**EXERCISE INPUTS:**
text \<open>An algebra (A, inf, sup, c, bot, top) is represented by a type 'a of class
bounded_lattice together with the unary operation c (the involution ').\<close>

definition pseudo_kleene :: "('a::bounded_lattice \<Rightarrow> 'a) \<Rightarrow> bool" where
  "pseudo_kleene c \<longleftrightarrow>
     (\<forall>x y. x \<le> y \<longrightarrow> c y \<le> c x) \<and>
     (\<forall>x. c (c x) = x) \<and>
     (\<forall>x y. inf x (c x) \<le> sup y (c y))"

definition super_paraorthomodular :: "('a::bounded_lattice \<Rightarrow> 'a) \<Rightarrow> bool" where
  "super_paraorthomodular c \<longleftrightarrow> pseudo_kleene c \<and>
     (\<forall>x y. x \<le> y \<and> inf (c x) y = sup (inf x (c x)) (inf y (c y))
        \<longrightarrow> inf y (sup x (c x)) = sup x (inf y (c y))) \<and>
     (\<forall>x y. x \<le> y \<longrightarrow>
        sup (inf x (c x)) (inf y (c y)) = inf (inf (c x) y) (c (inf (c x) y)))"

definition Sh :: "('a::bounded_lattice \<Rightarrow> 'a) \<Rightarrow> 'a set" where
  "Sh c = {a. inf a (c a) = bot}"

definition is_meet_in :: "'a::order set \<Rightarrow> 'a \<Rightarrow> 'a \<Rightarrow> 'a \<Rightarrow> bool" where
  "is_meet_in S a b m \<longleftrightarrow> m \<in> S \<and> m \<le> a \<and> m \<le> b \<and>
     (\<forall>z\<in>S. z \<le> a \<and> z \<le> b \<longrightarrow> z \<le> m)"

definition is_join_in :: "'a::order set \<Rightarrow> 'a \<Rightarrow> 'a \<Rightarrow> 'a \<Rightarrow> bool" where
  "is_join_in S a b j \<longleftrightarrow> j \<in> S \<and> a \<le> j \<and> b \<le> j \<and>
     (\<forall>z\<in>S. a \<le> z \<and> b \<le> z \<longrightarrow> j \<le> z)"

definition commute_Sh :: "('a::bounded_lattice \<Rightarrow> 'a) \<Rightarrow> 'a \<Rightarrow> 'a \<Rightarrow> bool" where
  "commute_Sh c x y \<longleftrightarrow> (\<exists>m1 m2. is_meet_in (Sh c) x y m1 \<and>
      is_meet_in (Sh c) x (c y) m2 \<and> is_join_in (Sh c) m1 m2 x)"

inductive_set Sg :: "('a::bounded_lattice \<Rightarrow> 'a) \<Rightarrow> 'a set \<Rightarrow> 'a set"
  for c :: "'a \<Rightarrow> 'a" and X :: "'a set" where
  gen: "a \<in> X \<Longrightarrow> a \<in> Sg c X"
| bot: "bot \<in> Sg c X"
| top: "top \<in> Sg c X"
| inf: "a \<in> Sg c X \<Longrightarrow> b \<in> Sg c X \<Longrightarrow> inf a b \<in> Sg c X"
| sup: "a \<in> Sg c X \<Longrightarrow> b \<in> Sg c X \<Longrightarrow> sup a b \<in> Sg c X"
| cmp: "a \<in> Sg c X \<Longrightarrow> c a \<in> Sg c X"

definition subalgebra :: "('a::bounded_lattice \<Rightarrow> 'a) \<Rightarrow> 'a set \<Rightarrow> bool" where
  "subalgebra c S \<longleftrightarrow> bot \<in> S \<and> top \<in> S \<and>
     (\<forall>a\<in>S. \<forall>b\<in>S. inf a b \<in> S \<and> sup a b \<in> S) \<and> (\<forall>a\<in>S. c a \<in> S)"

definition distributive_on :: "'a::lattice set \<Rightarrow> bool" where
  "distributive_on S \<longleftrightarrow>
     (\<forall>a\<in>S. \<forall>b\<in>S. \<forall>d\<in>S. inf a (sup b d) = sup (inf a b) (inf a d))"

definition boolean_subalgebra :: "('a::bounded_lattice \<Rightarrow> 'a) \<Rightarrow> 'a set \<Rightarrow> bool" where
  "boolean_subalgebra c S \<longleftrightarrow> subalgebra c S \<and> distributive_on S \<and>
     (\<forall>u\<in>S. inf u (c u) = bot)"

end

theory Submission
  imports Defs
begin

(* On sharp elements a super-paraorthomodular lattice behaves like an orthomodular
   lattice: relative complements v \<and> u' (u \<le> v) and joins of orthogonal elements are
   sharp, and u \<le> v with u' \<and> v = 0 forces u = v.  Hence if x and y commute in Sh(A),
   their meets in Sh(A) are the lattice meets x \<and> y and x \<and> y', commutation is
   symmetric and passes to complements, and the four elements x \<and> y, x \<and> y', x' \<and> y,
   x' \<and> y' form an orthogonal decomposition of 1 into sharp elements.  The joins of
   subsets of such a decomposition form a Boolean subalgebra (the complement of a join
   is the join of the remaining elements, again by orthomodularity) containing x and y,
   hence Sg(x, y).  Conversely, distributivity of Sg(x, y) directly makes x \<and> y and
   x \<and> y' sharp with join x. *)

lemma distributive_on_subset:
  "distributive_on S \<Longrightarrow> T \<subseteq> S \<Longrightarrow> distributive_on T"
  unfolding distributive_on_def by blast

lemma subalgebra_Sg: "subalgebra c (Sg c X)"
  unfolding subalgebra_def by (simp add: Sg.bot Sg.top Sg.inf Sg.sup Sg.cmp)

lemma Sg_minimal:
  assumes "subalgebra c S" and "X \<subseteq> S"
  shows "Sg c X \<subseteq> S"
proof
  fix u assume "u \<in> Sg c X"
  then show "u \<in> S"
    by induction (use assms in \<open>auto simp: subalgebra_def\<close>)
qed

lemma boolean_subalgebra_subset:
  assumes "boolean_subalgebra c S" and "subalgebra c T" and "T \<subseteq> S"
  shows "boolean_subalgebra c T"
  using assms distributive_on_subset unfolding boolean_subalgebra_def by blast

lemma commute_ShI:
  assumes "x \<in> Sh c" "inf x y \<in> Sh c" "inf x (c y) \<in> Sh c"
    and "x = sup (inf x y) (inf x (c y))"
  shows "commute_Sh c x y"
proof -
  have "is_meet_in (Sh c) x y (inf x y)" "is_meet_in (Sh c) x (c y) (inf x (c y))"
    using assms unfolding is_meet_in_def by simp_all
  moreover have "is_join_in (Sh c) (inf x y) (inf x (c y)) x"
    using assms unfolding is_join_in_def by (metis sup_ge1 sup_ge2 sup_least)
  ultimately show ?thesis unfolding commute_Sh_def by blast
qed

locale pseudo_kleene_lattice =
  fixes c :: "'a::bounded_lattice \<Rightarrow> 'a"
  assumes pseudo_kleene: "pseudo_kleene c"
begin

lemma compl_antimono: "x \<le> y \<Longrightarrow> c y \<le> c x"
  using pseudo_kleene unfolding pseudo_kleene_def by blast

lemma compl_compl [simp]: "c (c x) = x"
  using pseudo_kleene unfolding pseudo_kleene_def by blast

lemma compl_le_compl_iff [simp]: "c x \<le> c y \<longleftrightarrow> y \<le> x"
  by (metis compl_antimono compl_compl)

lemma le_compl_iff_le_compl: "x \<le> c y \<longleftrightarrow> y \<le> c x"
  by (metis compl_le_compl_iff compl_compl)

lemma compl_sup [simp]: "c (sup x y) = inf (c x) (c y)"
proof (rule antisym)
  show "c (sup x y) \<le> inf (c x) (c y)" by (simp add: compl_antimono)
  have "sup x y \<le> c (inf (c x) (c y))"
    by (metis le_compl_iff_le_compl inf_le1 inf_le2 sup_least)
  then show "inf (c x) (c y) \<le> c (sup x y)"
    using le_compl_iff_le_compl by blast
qed

lemma compl_inf [simp]: "c (inf x y) = sup (c x) (c y)"
  by (metis compl_sup compl_compl)

lemma compl_bot [simp]: "c bot = top"
  by (metis le_compl_iff_le_compl bot_least top_unique)

lemma compl_top [simp]: "c top = bot"
  by (metis compl_bot compl_compl)

lemma Sh_compl: "u \<in> Sh c \<Longrightarrow> c u \<in> Sh c"
  by (simp add: Sh_def inf_commute)

lemma sup_compl_Sh:
  assumes "u \<in> Sh c"
  shows "sup u (c u) = top"
proof -
  have "c (sup u (c u)) = bot"
    using assms by (simp add: Sh_def inf_commute)
  then show ?thesis by (metis compl_compl compl_bot)
qed

lemma commute_Sh_of_distributive:
  assumes x: "x \<in> Sh c" and y: "y \<in> Sh c" and distrib: "distributive_on (Sg c {x, y})"
  shows "commute_Sh c x y"
proof -
  have gen: "x \<in> Sg c {x, y}" "y \<in> Sg c {x, y}" "c x \<in> Sg c {x, y}" "c y \<in> Sg c {x, y}"
    by (auto intro: Sg.gen Sg.cmp)
  then have meets: "inf x y \<in> Sg c {x, y}" "inf x (c y) \<in> Sg c {x, y}"
    by (auto intro: Sg.inf)
  have x0: "inf x (c x) = bot" and y0: "inf y (c y) = bot"
    using x y by (simp_all add: Sh_def)
  have "inf x y \<in> Sh c"
  proof -
    have "inf (inf x y) (c (inf x y)) = sup (inf (inf x y) (c x)) (inf (inf x y) (c y))"
      using distrib meets gen unfolding distributive_on_def by simp
    also have "\<dots> = sup (inf y (inf x (c x))) (inf x (inf y (c y)))" by (simp add: inf_aci)
    finally show ?thesis using x0 y0 by (simp add: Sh_def)
  qed
  moreover have "inf x (c y) \<in> Sh c"
  proof -
    have "inf (inf x (c y)) (c (inf x (c y))) =
        sup (inf (inf x (c y)) (c x)) (inf (inf x (c y)) y)"
      using distrib meets gen unfolding distributive_on_def by simp
    also have "\<dots> = sup (inf (c y) (inf x (c x))) (inf x (inf y (c y)))" by (simp add: inf_aci)
    finally show ?thesis using x0 y0 by (simp add: Sh_def)
  qed
  moreover have "x = sup (inf x y) (inf x (c y))"
  proof -
    have "inf x (sup y (c y)) = sup (inf x y) (inf x (c y))"
      using distrib gen unfolding distributive_on_def by blast
    then show ?thesis using y by (simp add: sup_compl_Sh)
  qed
  ultimately show ?thesis by (rule commute_ShI[OF x])
qed

end

locale super_paraorthomodular_lattice =
  fixes c :: "'a::bounded_lattice \<Rightarrow> 'a"
  assumes super_paraorthomodular: "super_paraorthomodular c"

sublocale super_paraorthomodular_lattice \<subseteq> pseudo_kleene_lattice
  using super_paraorthomodular by unfold_locales (simp add: super_paraorthomodular_def)

context super_paraorthomodular_lattice
begin

lemma inf_compl_Sh:
  assumes "u \<in> Sh c" "v \<in> Sh c" "u \<le> v"
  shows "inf v (c u) \<in> Sh c"
proof -
  have "sup (inf u (c u)) (inf v (c v)) = inf (inf (c u) v) (c (inf (c u) v))"
    using super_paraorthomodular \<open>u \<le> v\<close> unfolding super_paraorthomodular_def by blast
  with assms show ?thesis by (simp add: Sh_def inf_commute)
qed

lemma sup_Sh_of_orthogonal:
  assumes "u \<in> Sh c" "v \<in> Sh c" "u \<le> c v"
  shows "sup u v \<in> Sh c"
proof -
  have "v \<le> c u" using assms(3) le_compl_iff_le_compl by blast
  then have "inf (c u) (c v) \<in> Sh c"
    by (rule inf_compl_Sh[OF assms(2) Sh_compl[OF assms(1)]])
  then show ?thesis using Sh_compl by fastforce
qed

lemma Sh_eq_of_le:
  assumes "u \<in> Sh c" "v \<in> Sh c" "u \<le> v" "inf (c u) v = bot"
  shows "u = v"
proof -
  have "inf v (sup u (c u)) = sup u (inf v (c v))"
    using super_paraorthomodular assms unfolding super_paraorthomodular_def Sh_def by auto
  with assms show ?thesis by (simp add: Sh_def sup_compl_Sh)
qed

lemma orthomodular_law:
  assumes "u \<in> Sh c" "v \<in> Sh c" "u \<le> v"
  shows "v = sup u (inf v (c u))"
proof -
  let ?w = "inf v (c u)"
  have w: "?w \<in> Sh c" by (rule inf_compl_Sh[OF assms])
  have "u \<le> c ?w" using le_compl_iff_le_compl by fastforce
  then have uw: "sup u ?w \<in> Sh c" by (rule sup_Sh_of_orthogonal[OF assms(1) w])
  have "inf (c (sup u ?w)) v = inf ?w (c ?w)" by (simp add: inf_aci)
  also have "\<dots> = bot" using w by (simp add: Sh_def)
  finally show ?thesis
    using Sh_eq_of_le[OF uw assms(2)] assms(3) by simp
qed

**THE TASK:** Scan the data above for the string "auto" and copy each line where it appears.

**EXERCISE ANSWER:**
    by induction (use assms in \<open>auto simp: subalgebra_def\<close>)
    by (auto intro: Sg.gen Sg.cmp)
    by (auto intro: Sg.inf)
    using super_paraorthomodular assms unfolding super_paraorthomodular_def Sh_def by auto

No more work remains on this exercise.